** Data for this task follows **

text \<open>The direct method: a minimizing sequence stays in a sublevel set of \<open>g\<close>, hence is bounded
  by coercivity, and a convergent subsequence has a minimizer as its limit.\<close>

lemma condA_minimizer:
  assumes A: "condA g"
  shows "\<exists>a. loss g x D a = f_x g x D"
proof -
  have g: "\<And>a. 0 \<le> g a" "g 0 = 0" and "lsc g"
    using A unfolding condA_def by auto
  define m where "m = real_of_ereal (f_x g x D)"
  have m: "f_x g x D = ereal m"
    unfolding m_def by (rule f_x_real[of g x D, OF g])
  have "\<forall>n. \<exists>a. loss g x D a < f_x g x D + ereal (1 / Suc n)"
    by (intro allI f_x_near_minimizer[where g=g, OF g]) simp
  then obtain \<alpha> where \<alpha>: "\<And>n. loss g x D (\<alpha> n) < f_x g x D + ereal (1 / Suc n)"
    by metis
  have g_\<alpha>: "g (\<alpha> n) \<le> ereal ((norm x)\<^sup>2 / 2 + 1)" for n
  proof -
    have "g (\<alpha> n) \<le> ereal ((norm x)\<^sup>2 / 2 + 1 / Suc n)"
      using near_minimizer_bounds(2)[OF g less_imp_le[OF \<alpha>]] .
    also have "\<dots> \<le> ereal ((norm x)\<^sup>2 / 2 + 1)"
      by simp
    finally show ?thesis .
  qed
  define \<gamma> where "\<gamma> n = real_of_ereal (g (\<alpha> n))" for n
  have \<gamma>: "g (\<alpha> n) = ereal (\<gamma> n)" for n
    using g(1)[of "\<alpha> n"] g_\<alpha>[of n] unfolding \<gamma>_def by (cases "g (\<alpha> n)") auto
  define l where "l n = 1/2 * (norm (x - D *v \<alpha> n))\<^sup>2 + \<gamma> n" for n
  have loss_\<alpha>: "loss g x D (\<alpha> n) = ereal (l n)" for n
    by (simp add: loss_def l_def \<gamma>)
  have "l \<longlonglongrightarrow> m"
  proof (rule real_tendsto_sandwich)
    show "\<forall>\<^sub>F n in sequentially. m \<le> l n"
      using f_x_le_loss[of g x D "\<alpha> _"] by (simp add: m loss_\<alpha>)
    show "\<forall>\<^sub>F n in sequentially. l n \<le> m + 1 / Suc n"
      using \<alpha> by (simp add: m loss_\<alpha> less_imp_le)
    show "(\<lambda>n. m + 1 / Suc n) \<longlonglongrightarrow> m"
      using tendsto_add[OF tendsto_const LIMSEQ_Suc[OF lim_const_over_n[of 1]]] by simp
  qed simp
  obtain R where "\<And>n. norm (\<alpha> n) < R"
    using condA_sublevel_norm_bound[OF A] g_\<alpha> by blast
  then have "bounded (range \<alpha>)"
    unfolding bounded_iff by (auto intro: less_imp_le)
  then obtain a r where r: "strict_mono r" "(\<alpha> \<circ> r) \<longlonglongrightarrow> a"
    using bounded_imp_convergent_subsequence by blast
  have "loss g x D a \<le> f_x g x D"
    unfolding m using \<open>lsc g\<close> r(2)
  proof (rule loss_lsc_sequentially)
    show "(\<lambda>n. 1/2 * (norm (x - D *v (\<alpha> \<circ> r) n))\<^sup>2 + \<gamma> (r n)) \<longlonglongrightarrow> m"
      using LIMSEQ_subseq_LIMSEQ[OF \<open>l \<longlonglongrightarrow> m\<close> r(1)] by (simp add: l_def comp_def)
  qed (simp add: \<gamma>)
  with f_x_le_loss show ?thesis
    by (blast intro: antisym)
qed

** End of Data for this task **

Directions:
Report every line of the data above that contains the string "longlonglongrightarrow" by copying it in full.

Output:
  have "l \<longlonglongrightarrow> m"
    show "(\<lambda>n. m + 1 / Suc n) \<longlonglongrightarrow> m"
  then obtain a r where r: "strict_mono r" "(\<alpha> \<circ> r) \<longlonglongrightarrow> a"
    show "(\<lambda>n. 1/2 * (norm (x - D *v (\<alpha> \<circ> r) n))\<^sup>2 + \<gamma> (r n)) \<longlonglongrightarrow> m"
      using LIMSEQ_subseq_LIMSEQ[OF \<open>l \<longlonglongrightarrow> m\<close> r(1)] by (simp add: l_def comp_def)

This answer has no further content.